(* For all real $t\neq 0$, \[ \frac{\pi^2+\left(4-\frac{\pi^2}{3}\right)t^2-\left(\frac43-\frac{128}{\pi^4}\right)t^4}{\pi^2+4t^2}<\frac{\tanh t}{t}<\frac{\pi^2+\left(4-\frac{\pi^2}{3}\right)t^2-\left(\frac43-\frac{2\pi^2}{15}\right)t^4+\left(\frac{8}{15}-\frac{512}{\pi^6}\right)t^6}{\pi^2+4t^2}. \] *)

theory Defs
  imports Complex_Main
begin

end

theory Submission
  imports Defs "HOL-Analysis.Complex_Transcendental"
begin

text \<open>
  By evenness it suffices to take t > 0. Clearing denominators, the two inequalities say that
  (pi^2 + 4 t^2) sinh t - P(t) t cosh t has a definite sign, P being the respective numerator.
  Since t^j sinh t and t^j cosh t have the coefficient n(n-1)...(n-j+1)/n! at t^n, this
  difference is an odd power series whose n-th coefficient is a polynomial in n divided by n!.
  After the substitution n = 7 + x (resp. n = 9 + x) that polynomial has nonnegative
  coefficients in x once pi >= 3.14159; the few smaller odd n are checked by hand, one of them
  giving a positive coefficient.
\<close>

definition falling_fact :: "real \<Rightarrow> nat \<Rightarrow> real" where
  "falling_fact x j = (\<Prod>i<j. x - of_nat i)"

lemma falling_fact_0 [simp]: "falling_fact x 0 = 1"
  by (simp add: falling_fact_def)

lemma falling_fact_Suc [simp]: "falling_fact x (Suc j) = falling_fact x j * (x - of_nat j)"
  by (simp add: falling_fact_def)

lemma falling_fact_of_nat_eq_0: "n < j \<Longrightarrow> falling_fact (of_nat n) j = 0"
  unfolding falling_fact_def by (intro prod_zero) (auto intro!: bexI[of _ n])

lemma fact_eq_falling_fact_mult_fact:
  "j \<le> n \<Longrightarrow> fact n = falling_fact (of_nat n) j * fact (n - j)"
proof (induction j)
  case (Suc j)
  then have "n - j = Suc (n - Suc j)"
    by simp
  then have "fact (n - j) = (of_nat n - of_nat j) * (fact (n - Suc j) :: real)"
    using Suc.prems by (simp add: of_nat_diff)
  with Suc show ?case
    by simp
qed simp

definition odd_egf_term :: "(real \<Rightarrow> real) \<Rightarrow> real \<Rightarrow> nat \<Rightarrow> real" where
  "odd_egf_term c t n = (if odd n then c (of_nat n) / fact n else 0) * t ^ n"

lemma odd_egf_term_add: "odd_egf_term (\<lambda>x. c x + d x) t n = odd_egf_term c t n + odd_egf_term d t n"
  and odd_egf_term_diff: "odd_egf_term (\<lambda>x. c x - d x) t n = odd_egf_term c t n - odd_egf_term d t n"
  and odd_egf_term_scale: "odd_egf_term (\<lambda>x. a * c x) t n = a * odd_egf_term c t n"
  by (simp_all add: odd_egf_term_def add_divide_distrib diff_divide_distrib algebra_simps)

lemma sums_mult_power_shift:
  fixes a :: "nat \<Rightarrow> real"
  assumes "(\<lambda>n. a n * t ^ n) sums S"
  shows "(\<lambda>n. (if j \<le> n then a (n - j) else 0) * t ^ n) sums (t ^ j * S)"
proof -
  let ?g = "\<lambda>n. (if j \<le> n then a (n - j) else 0) * t ^ n"
  have "(\<lambda>n. ?g (n + j)) = (\<lambda>n. t ^ j * (a n * t ^ n))"
    by (simp add: power_add mult_ac)
  then have "(\<lambda>n. ?g (n + j)) sums (t ^ j * S)"
    using sums_mult[OF assms] by simp
  moreover have "(\<Sum>n<j. ?g n) = 0"
    by simp
  ultimately show ?thesis
    using sums_iff_shift[of ?g j] by simp
qed

lemma power_mult_odd_egf_sums:
  fixes t :: real
  assumes "(\<lambda>n. (if odd (n + j) then 1 / fact n else 0) * t ^ n) sums S"
  shows "odd_egf_term (\<lambda>x. falling_fact x j) t sums (t ^ j * S)"
proof -
  have "(if j \<le> n then (if odd (n - j + j) then 1 / fact (n - j) else 0) else 0)
      = (if odd n then falling_fact (of_nat n) j / fact n else 0)" for n
    using fact_eq_falling_fact_mult_fact[of j n] falling_fact_of_nat_eq_0[of n j]
    by (auto simp: field_simps)
  with sums_mult_power_shift[OF assms, of j] show ?thesis
    by (simp add: odd_egf_term_def[abs_def])
qed

lemma power_mult_sinh_sums:
  fixes t :: real
  assumes "even j"
  shows "odd_egf_term (\<lambda>x. falling_fact x j) t sums (t ^ j * sinh t)"
proof -
  have "(\<lambda>n. (if odd (n + j) then 1 / fact n else 0) * t ^ n)
      = (\<lambda>n. if even n then 0 else t ^ n /\<^sub>R fact n)"
    using assms by (auto simp: fun_eq_iff divide_inverse)
  then show ?thesis
    using power_mult_odd_egf_sums[of j t "sinh t"] sinh_converges[of t] by simp
qed

lemma power_mult_cosh_sums:
  fixes t :: real
  assumes "odd j"
  shows "odd_egf_term (\<lambda>x. falling_fact x j) t sums (t ^ j * cosh t)"
proof -
  have "(\<lambda>n. (if odd (n + j) then 1 / fact n else 0) * t ^ n)
      = (\<lambda>n. if even n then t ^ n /\<^sub>R fact n else 0)"
    using assms by (auto simp: fun_eq_iff divide_inverse)
  then show ?thesis
    using power_mult_odd_egf_sums[of j t "cosh t"] cosh_converges[of t] by simp
qed

lemma odd_egf_sum_pos:
  fixes t :: real
  assumes "odd_egf_term c t sums S" "t > 0"
    and "\<And>n. odd n \<Longrightarrow> c (of_nat n) \<ge> 0" "odd m" "c (of_nat m) > 0"
  shows "S > 0"
proof -
  have "0 < suminf (odd_egf_term c t)"
    using assms by (intro suminf_pos2[of _ m]) (auto simp: odd_egf_term_def sums_summable)
  with assms(1) show ?thesis
    by (simp add: sums_iff)
qed

text \<open>
  Here q, r, s stand for pi^2, 1/pi^4, 1/pi^6; only the rational bounds of
  \<open>pi_power_bounds\<close> are used for them.
\<close>

definition tanh_lower_coeff :: "real \<Rightarrow> real \<Rightarrow> real \<Rightarrow> real" where
  "tanh_lower_coeff q r x = q * falling_fact x 0 + 4 * falling_fact x 2 - q * falling_fact x 1
     - (4 - q/3) * falling_fact x 3 + (4/3 - 128 * r) * falling_fact x 5"

lemma tanh_lower_series_sums:
  fixes t :: real
  shows "odd_egf_term (tanh_lower_coeff q r) t sums
    ((q + 4 * t^2) * sinh t - (q + (4 - q/3) * t^2 - (4/3 - 128 * r) * t^4) * (t * cosh t))"
    (is "_ sums ?S")
proof -
  have "odd_egf_term (tanh_lower_coeff q r) t sums
    (q * (t^0 * sinh t) + 4 * (t^2 * sinh t) - q * (t^1 * cosh t) - (4 - q/3) * (t^3 * cosh t)
       + (4/3 - 128 * r) * (t^5 * cosh t))"
    unfolding tanh_lower_coeff_def odd_egf_term_add odd_egf_term_diff odd_egf_term_scale
    by (intro sums_add sums_diff sums_mult power_mult_sinh_sums power_mult_cosh_sums) auto
  also have "\<dots> = ?S"
    by algebra
  finally show ?thesis .
qed

lemma tanh_lower_coeff_shift_7:
  "tanh_lower_coeff q r (x + 7) =
     (2688 + 64*q - 322560*r) + (3296 + 104/3*q - 352512*r) * x + (4496/3 + 6*q - 150400*r) * x^2
     + (968/3 + q/3 - 31360*r) * x^3 + (100/3 - 3200*r) * x^4 + (4/3 - 128*r) * x^5"
  unfolding tanh_lower_coeff_def by (simp add: numeral_eq_Suc field_simps power_def)

lemma tanh_lower_coeff_small:
  "tanh_lower_coeff q r 1 = 0" "tanh_lower_coeff q r 3 = 0" "tanh_lower_coeff q r 5 = 16*q - 15360*r"
  unfolding tanh_lower_coeff_def by (simp_all add: numeral_eq_Suc field_simps)

lemma tanh_lower_coeff_nonneg:
  assumes q: "q \<ge> 98695/10000" and r: "r \<le> 10/974" and "odd n"
  shows "tanh_lower_coeff q r (of_nat n) \<ge> 0"
proof (cases "n \<le> 5")
  case True
  with \<open>odd n\<close> have "n = 1 \<or> n = 3 \<or> n = 5"
    by presburger
  then show ?thesis
    using q r by (auto simp: tanh_lower_coeff_small)
next
  case False
  define x where "x = real n - 7"
  have "n \<ge> 7"
    using False \<open>odd n\<close> by presburger
  then have x: "x \<ge> 0" and n: "of_nat n = x + 7"
    unfolding x_def by simp_all
  have "0 \<le> 2688 + 64*q - 322560*r" "0 \<le> 3296 + 104/3*q - 352512*r" "0 \<le> 4496/3 + 6*q - 150400*r"
    "0 \<le> 968/3 + q/3 - 31360*r" "0 \<le> 100/3 - 3200*r" "0 \<le> 4/3 - 128*r"
    using q r by linarith+
  with x show ?thesis
    unfolding n tanh_lower_coeff_shift_7 by (intro add_nonneg_nonneg mult_nonneg_nonneg zero_le_power)
qed

definition tanh_upper_coeff :: "real \<Rightarrow> real \<Rightarrow> real \<Rightarrow> real" where
  "tanh_upper_coeff q s x = q * falling_fact x 1 + (4 - q/3) * falling_fact x 3
     - (4/3 - 2*q/15) * falling_fact x 5 + (8/15 - 512 * s) * falling_fact x 7
     - q * falling_fact x 0 - 4 * falling_fact x 2"

lemma tanh_upper_series_sums:
  fixes t :: real
  shows "odd_egf_term (tanh_upper_coeff q s) t sums
    ((q + (4 - q/3) * t^2 - (4/3 - 2*q/15) * t^4 + (8/15 - 512 * s) * t^6) * (t * cosh t)
       - (q + 4 * t^2) * sinh t)"
    (is "_ sums ?S")
proof -
  have "odd_egf_term (tanh_upper_coeff q s) t sums
    (q * (t^1 * cosh t) + (4 - q/3) * (t^3 * cosh t) - (4/3 - 2*q/15) * (t^5 * cosh t)
       + (8/15 - 512 * s) * (t^7 * cosh t) - q * (t^0 * sinh t) - 4 * (t^2 * sinh t))"
    unfolding tanh_upper_coeff_def odd_egf_term_add odd_egf_term_diff odd_egf_term_scale
    by (intro sums_add sums_diff sums_mult power_mult_sinh_sums power_mult_cosh_sums) auto
  also have "\<dots> = ?S"
    by algebra
  finally show ?thesis .
qed

lemma tanh_upper_coeff_shift_9:
  "tanh_upper_coeff q s (x + 9) =
     (78336 + 1856*q - 92897280 * s) + (571328/5 + 21608/15*q - 123457536 * s) * x
     + (1006384/15 + 1306/3*q - 68576256 * s) * x^2 + (313312/15 + 193/3*q - 20668928 * s) * x^3
     + (11284/3 + 14/3*q - 3655680 * s) * x^4 + (1972/5 + 2/15*q - 379904 * s) * x^5
     + (112/5 - 21504 * s) * x^6 + (8/15 - 512 * s) * x^7"
  unfolding tanh_upper_coeff_def by (simp add: numeral_eq_Suc field_simps power_def)

lemma tanh_upper_coeff_small:
  "tanh_upper_coeff q s 1 = 0" "tanh_upper_coeff q s 3 = 0" "tanh_upper_coeff q s 5 = 0"
  "tanh_upper_coeff q s 7 = 272*q - 2580480 * s"
  unfolding tanh_upper_coeff_def by (simp_all add: numeral_eq_Suc field_simps)

lemma tanh_upper_coeff_nonneg:
  assumes q: "q \<ge> 98695/10000" and s: "s \<le> 100/96136" and "odd n"
  shows "tanh_upper_coeff q s (of_nat n) \<ge> 0"
proof (cases "n \<le> 7")
  case True
  with \<open>odd n\<close> have "n = 1 \<or> n = 3 \<or> n = 5 \<or> n = 7"
    by presburger
  then show ?thesis
    using q s by (auto simp: tanh_upper_coeff_small)
next
  case False
  define x where "x = real n - 9"
  have "n \<ge> 9"
    using False \<open>odd n\<close> by presburger
  then have x: "x \<ge> 0" and n: "of_nat n = x + 9"
    unfolding x_def by simp_all
  have "0 \<le> 78336 + 1856*q - 92897280 * s" "0 \<le> 571328/5 + 21608/15*q - 123457536 * s"
    "0 \<le> 1006384/15 + 1306/3*q - 68576256 * s" "0 \<le> 313312/15 + 193/3*q - 20668928 * s"
    "0 \<le> 11284/3 + 14/3*q - 3655680 * s" "0 \<le> 1972/5 + 2/15*q - 379904 * s"
    "0 \<le> 112/5 - 21504 * s" "0 \<le> 8/15 - 512 * s"
    using q s by linarith+
  with x show ?thesis
    unfolding n tanh_upper_coeff_shift_9 by (intro add_nonneg_nonneg mult_nonneg_nonneg zero_le_power)
qed

lemma pi_power_bounds: "98695/10000 \<le> pi^2" "1/pi^4 \<le> 10/974" "1/pi^6 \<le> 100/96136"
proof -
  have pi: "314159/100000 \<le> pi"
    using pi_approx(1) by simp
  have "(314159/100000)^2 \<le> pi^2" "(314159/100000)^4 \<le> pi^4" "(314159/100000)^6 \<le> pi^6"
    by (intro power_mono pi; simp)+
  moreover have "98695/10000 \<le> (314159/100000::real)^2" "974/10 \<le> (314159/100000::real)^4"
    "96136/100 \<le> (314159/100000::real)^6"
    by (simp_all add: power_divide)
  ultimately have "98695/10000 \<le> pi^2" "974/10 \<le> pi^4" "96136/100 \<le> pi^6"
    by linarith+
  then show "98695/10000 \<le> pi^2" "1/pi^4 \<le> 10/974" "1/pi^6 \<le> 100/96136"
    by (simp_all add: divide_simps)
qed

lemma less_tanh_div_iff:
  fixes t :: real
  assumes "t > 0" "D > 0"
  shows "A / D < tanh t / t \<longleftrightarrow> A * (t * cosh t) < D * sinh t"
  using assms by (simp add: tanh_def field_simps)

lemma tanh_div_less_iff:
  fixes t :: real
  assumes "t > 0" "D > 0"
  shows "tanh t / t < B / D \<longleftrightarrow> D * sinh t < B * (t * cosh t)"
  using assms by (simp add: tanh_def field_simps)

lemma tanh_div_bounds_pos:
  fixes t :: real
  assumes t: "t > 0"
  shows "(pi^2 + (4 - pi^2/3) * t^2 - (4/3 - 128/pi^4) * t^4) / (pi^2 + 4*t^2) < tanh t / t
       \<and> tanh t / t < (pi^2 + (4 - pi^2/3) * t^2 - (4/3 - 2*pi^2/15) * t^4 + (8/15 - 512/pi^6) * t^6) / (pi^2 + 4*t^2)"
proof -
  define q r s where "q = pi^2" and "r = 1/pi^4" and "s = 1/pi^6"
  have q: "q \<ge> 98695/10000" and r: "r \<le> 10/974" and s: "s \<le> 100/96136"
    using pi_power_bounds unfolding q_def r_def s_def by auto
  have D: "q + 4*t^2 > 0"
    using q by (simp add: add_pos_nonneg)
  have "0 < (q + 4 * t^2) * sinh t - (q + (4 - q/3) * t^2 - (4/3 - 128 * r) * t^4) * (t * cosh t)"
    using tanh_lower_series_sums t tanh_lower_coeff_nonneg[OF q r]
    by (rule odd_egf_sum_pos[of _ _ _ 5]) (use q r in \<open>simp_all add: tanh_lower_coeff_small\<close>)
  moreover have "0 < (q + (4 - q/3) * t^2 - (4/3 - 2*q/15) * t^4 + (8/15 - 512 * s) * t^6) * (t * cosh t)
       - (q + 4 * t^2) * sinh t"
    using tanh_upper_series_sums t tanh_upper_coeff_nonneg[OF q s]
    by (rule odd_egf_sum_pos[of _ _ _ 7]) (use q s in \<open>simp_all add: tanh_upper_coeff_small\<close>)
  ultimately show ?thesis
    using less_tanh_div_iff[OF t D] tanh_div_less_iff[OF t D] unfolding q_def r_def s_def by simp
qed

theorem mainTheorem16:
  fixes t :: real
  assumes "t \<noteq> 0"
  shows "(pi^2 + (4 - pi^2/3) * t^2 - (4/3 - 128/pi^4) * t^4) / (pi^2 + 4*t^2) < tanh t / t
       \<and> tanh t / t < (pi^2 + (4 - pi^2/3) * t^2 - (4/3 - 2*pi^2/15) * t^4 + (8/15 - 512/pi^6) * t^6) / (pi^2 + 4*t^2)"
proof (cases "t > 0")
  case True
  then show ?thesis
    by (rule tanh_div_bounds_pos)
next
  case False
  with assms have "-t > 0"
    by simp
  from tanh_div_bounds_pos[OF this] show ?thesis
    by simp
qed

end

_Work required_. Say how many lines in the records hold the word "longleftrightarrow", giving the number by itself.

_Task response_. 2